BY SEGI MALAMED,TRAVELUJAH—
Living in the gentle hills of Hoshaya near to ancient Sepphoris in the Galilee, outside the hustle and bustle of central Israel, Segi Malamed remains quite attuned to the pulse of the country. His blog below provides an insightful perspective on the current state of the Israeli consciousness.
During Passover vacation I was invited to talk to Hamidrasha’s Nifgashim B’Shvil Israel, a group that is hiking the Israel National Trail as a meaningful way to commemorate the 73 IDF victims of the fatal 1997 helicopter collision over moshav She’ar Yashuv. As the group’s website says, it is “a unique way to meet, to have direct dialog, and to discuss basic questions about Israeli society and Jewish heritage – while hiking.”
We met in the pine forest on the outskirts of Kibbutz Ramot Menashe. The 300-strong group was extremely varied: men, women and children, young adults and the elderly, religious and secular – a sampling of the entire range of ingredients in the “Israeli salad.” Despite the 15 kilometers the group had hiked that day, they were remarkably alert and attentive. I shared with them some of my musings over the past few years about Israeli society, and asked for reactions from these people who were seeking common denominators for Israeli society.
In the spirit of Passover, I framed the discussion as a series of questions:
What are we really? Does the group called “citizens of the State of Israel” constitute a “compound” or a “mixture”?
Is what we are creating here, on this tiny strip of land in the heart of the Middle East, really a unique substance called “Israeli”? Or is our society perhaps only a mixture of people with shared experiences, language, rules, government institutions, threats and history?

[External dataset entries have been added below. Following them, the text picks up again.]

lemma Fubini_weighted_bounded:
  fixes \<Phi> :: "real \<times> real \<Rightarrow> real" and v w :: "real \<Rightarrow> real"
  assumes \<Phi>: "\<Phi> \<in> borel_measurable borel" "\<And>p. \<bar>\<Phi> p\<bar> \<le> C"
    and v: "integrable lborel v" "\<And>u. 0 \<le> v u" and w: "integrable lborel w" "\<And>b. 0 \<le> w b"
  shows "(\<integral>u. v u * (\<integral>b. w b * \<Phi> (u, b) \<partial>lborel) \<partial>lborel)
       = (\<integral>b. w b * (\<integral>u. v u * \<Phi> (u, b) \<partial>lborel) \<partial>lborel)"
proof -
  have "(\<integral>b. (\<integral>u. v u * w b * \<Phi> (u, b) \<partial>lborel) \<partial>lborel)
      = (\<integral>u. (\<integral>b. v u * w b * \<Phi> (u, b) \<partial>lborel) \<partial>lborel)"
    using lborel_pair.Fubini_integral[of "\<lambda>u b. v u * w b * \<Phi> (u, b)"]
      integrable_pair_weighted_bounded[OF assms] by (simp add: case_prod_beta')
  moreover have "(\<integral>u. v u * w b * \<Phi> (u, b) \<partial>lborel) = w b * (\<integral>u. v u * \<Phi> (u, b) \<partial>lborel)" for b
    using integral_mult_right_zero[where c = "w b" and f = "\<lambda>u. v u * \<Phi> (u, b)"] by (simp add: ac_simps)
  moreover have "(\<integral>b. v u * w b * \<Phi> (u, b) \<partial>lborel) = v u * (\<integral>b. w b * \<Phi> (u, b) \<partial>lborel)" for u
    using integral_mult_right_zero[where c = "v u" and f = "\<lambda>b. w b * \<Phi> (u, b)"] by (simp add: ac_simps)
  ultimately show ?thesis
    by simp
qed

section \<open>The KMP generator is bounded\<close>

lemma KMP_internal_term_bounded:
  fixes f :: "('v::finite \<Rightarrow> real) \<Rightarrow> real"
  assumes f: "f \<in> borel_measurable borel" "\<And>z. \<bar>f z\<bar> \<le> C"
  shows "(\<lambda>z. \<integral>u\<in>{0..1}. (f (z(i := u * (z i + z j), j := (1 - u) * (z i + z j))) - f z) \<partial>lborel)
           \<in> borel_measurable borel"
    and "\<bar>\<integral>u\<in>{0..1}. (f (z(i := u * (z i + z j), j := (1 - u) * (z i + z j))) - f z) \<partial>lborel\<bar> \<le> 2 * C"
proof -
  define jump where "jump p = (fst p)(i := snd p * (fst p i + fst p j), j := (1 - snd p) * (fst p i + fst p j))"
    for p :: "('v \<Rightarrow> real) \<times> real"
  define H where "H p = f (jump p) - f (fst p)" for p
  have "continuous_on UNIV jump"
    unfolding jump_def[abs_def] by (intro continuous_intros continuous_on_apply[of _ fst])
  moreover have "continuous_on UNIV (fst :: ('v \<Rightarrow> real) \<times> real \<Rightarrow> 'v \<Rightarrow> real)"
    by (intro continuous_intros)
  ultimately have "H \<in> borel_measurable borel"
    unfolding H_def[abs_def] by (intro borel_measurable_diff borel_measurable_continuous_comp[OF f(1)])
  moreover have "\<bar>H p\<bar> \<le> 2 * C" for p
    using f(2)[of "fst p"] f(2)[of "jump p"] unfolding H_def by linarith
  ultimately show "(\<lambda>z. \<integral>u\<in>{0..1}. (f (z(i := u * (z i + z j), j := (1 - u) * (z i + z j))) - f z) \<partial>lborel)
           \<in> borel_measurable borel"
    and "\<bar>\<integral>u\<in>{0..1}. (f (z(i := u * (z i + z j), j := (1 - u) * (z i + z j))) - f z) \<partial>lborel\<bar> \<le> 2 * C"
    using set_integral_Icc01_bounded[of H "2 * C"] by (simp_all add: H_def jump_def)
qed

lemma KMP_boundary_term_bounded:
  fixes f :: "('v::finite \<Rightarrow> real) \<Rightarrow> real"
  assumes f: "f \<in> borel_measurable borel" "\<And>z. \<bar>f z\<bar> \<le> C"
  shows "(\<lambda>z. \<integral>u\<in>{0..1}. (\<integral>b\<in>{0..}. exp (- b) *
            (f (z(i := u * (z i + z j), j := b * c)) - f z) \<partial>lborel) \<partial>lborel) \<in> borel_measurable borel"
    and "\<bar>\<integral>u\<in>{0..1}. (\<integral>b\<in>{0..}. exp (- b) *
            (f (z(i := u * (z i + z j), j := b * c)) - f z) \<partial>lborel) \<partial>lborel\<bar> \<le> 2 * C"
proof -
  define jump where "jump q = (fst (fst q))(i := snd (fst q) * (fst (fst q) i + fst (fst q) j), j := snd q * c)"
    for q :: "(('v \<Rightarrow> real) \<times> real) \<times> real"
  define H where "H q = f (jump q) - f (fst (fst q))" for q
  define G where "G p = (\<integral>b\<in>{0..}. exp (- b) * H (p, b) \<partial>lborel)" for p
  have "continuous_on UNIV jump"
    unfolding jump_def[abs_def] by (intro continuous_intros continuous_on_apply[of _ "\<lambda>q. fst (fst q)"])
  moreover have "continuous_on UNIV (\<lambda>q :: (('v \<Rightarrow> real) \<times> real) \<times> real. fst (fst q))"
    by (intro continuous_intros)
  ultimately have "H \<in> borel_measurable borel"
    unfolding H_def[abs_def] by (intro borel_measurable_diff borel_measurable_continuous_comp[OF f(1)])
  moreover have "\<bar>H q\<bar> \<le> 2 * C" for q
    using f(2)[of "fst (fst q)"] f(2)[of "jump q"] unfolding H_def by linarith
  ultimately have "G \<in> borel_measurable borel" "\<And>p. \<bar>G p\<bar> \<le> 2 * C"
    unfolding G_def[abs_def] using set_integral_exp_Ici_bounded[of H "2 * C"] by auto
  then show "(\<lambda>z. \<integral>u\<in>{0..1}. (\<integral>b\<in>{0..}. exp (- b) *
            (f (z(i := u * (z i + z j), j := b * c)) - f z) \<partial>lborel) \<partial>lborel) \<in> borel_measurable borel"
    and "\<bar>\<integral>u\<in>{0..1}. (\<integral>b\<in>{0..}. exp (- b) *
            (f (z(i := u * (z i + z j), j := b * c)) - f z) \<partial>lborel) \<partial>lborel\<bar> \<le> 2 * C"
    using set_integral_Icc01_bounded[of G "2 * C"] by (simp_all add: G_def H_def jump_def)
qed

lemma KMP_gen_bounded:
  fixes f :: "('v::finite \<Rightarrow> real) \<Rightarrow> real"
  assumes f: "f \<in> borel_measurable borel" "\<forall>z. \<bar>f z\<bar> \<le> C"
  shows "KMP_gen Ed B Tb f \<in> borel_measurable borel"
    and "\<bar>KMP_gen Ed B Tb f z\<bar> \<le> 2 * real (card (int_edges Ed B) + card (bd_edges Ed B)) * C"
proof -
  have "\<And>z. \<bar>f z\<bar> \<le> C"
    using f(2) ..
  note internal = KMP_internal_term_bounded[OF f(1) this]
    and boundary = KMP_boundary_term_bounded[OF f(1) this]
  show "KMP_gen Ed B Tb f \<in> borel_measurable borel"
    unfolding KMP_gen_def
    by (intro borel_measurable_add borel_measurable_sum) (auto simp: internal(1) boundary(1))
  have "\<bar>KMP_gen Ed B Tb f z\<bar> \<le> (\<Sum>e\<in>int_edges Ed B. 2 * C) + (\<Sum>e\<in>bd_edges Ed B. 2 * C)"
    unfolding KMP_gen_def
    by (intro abs_triangle_ineq[THEN order_trans] add_mono sum_abs[THEN order_trans] sum_mono)
       (auto simp: internal(2) boundary(2))
  then show "\<bar>KMP_gen Ed B Tb f z\<bar> \<le> 2 * real (card (int_edges Ed B) + card (bd_edges Ed B)) * C"
    by (simp add: algebra_simps)
qed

And from here I wondered: What are the most meaningful common denominators that connect the citizens of Israel and in what direction are these common denominators moving? I proposed four primary common denominators: religion, enemies, army and culture:
Religion
I grew up in kibbutz whose founders rejected the “religion of God” – the religion that had defined their ancestors as a people for thousands of years. Because humans are unable to live lives totally devoid of some kind of belief system, they adopted other “religions”: the religion of labor and the religion of the land and nature. The famous ceremony for the Omer (first wheat harvest) at Kibbutz Ramat Yochanan is an example of the combination of the religion of labor with the religion of the land. At the Omer ceremony, held the day after the Seder Night, the reapers, dressed in Biblical-style finery, go out to the rustling fields of golden wheat with song and dance, and harvest the first ripe grain.
The precise, rhythmic swinging of scythes in unison, the stirring dancing, the choir singing the beloved song Shibolet BaSadeh (Stalks of Grain in the Field), the smell of the field as it is reaped, the sun setting in the west, the sound of horses galloping to bring the torch bears to light the burning banner “Raise This Omer” at the climax of the ceremony… All this creates a form of religious ecstasy in a pioneering community that rejected their ancestors’ God of exile and created another in its place.
The Omer ceremony has been celebrated at Ramat Yochanan for the last 67 years, but it is clear that the religion of labor and land does not have as strong roots as the religion that was rejected by its founders. Only a century has passed, a mere moment in the history of the Jewish people, yet this religion is already slowly slipping into the history books and onto the archive shelves. Followers of the religion of labor, in the kibbutz in particular and in Israeli society in general, are disappearing. The fields and orchards are gradually being converted into shopping malls and roads, the creative kibbutz ceremonies for the Shabbat and Festivals are becoming a thing of the past, and kibbutz society–apart from a few islands of hold-outs who want to prove it is possible to do things differently–no longer seeks to climb barricades and smash conventions, but instead has become just one more way to achieve a bourgeois life.
But even in the most extreme of those kibbutzim, God was never entirely absent. A second-generation member of my kibbutz once told me how, as a child, when he felt stressed and lonely he would secretly turn to his mother’s Bible and leaf through it, reading a few verses to himself like a personal prayer. There is no prayer more genuine than that!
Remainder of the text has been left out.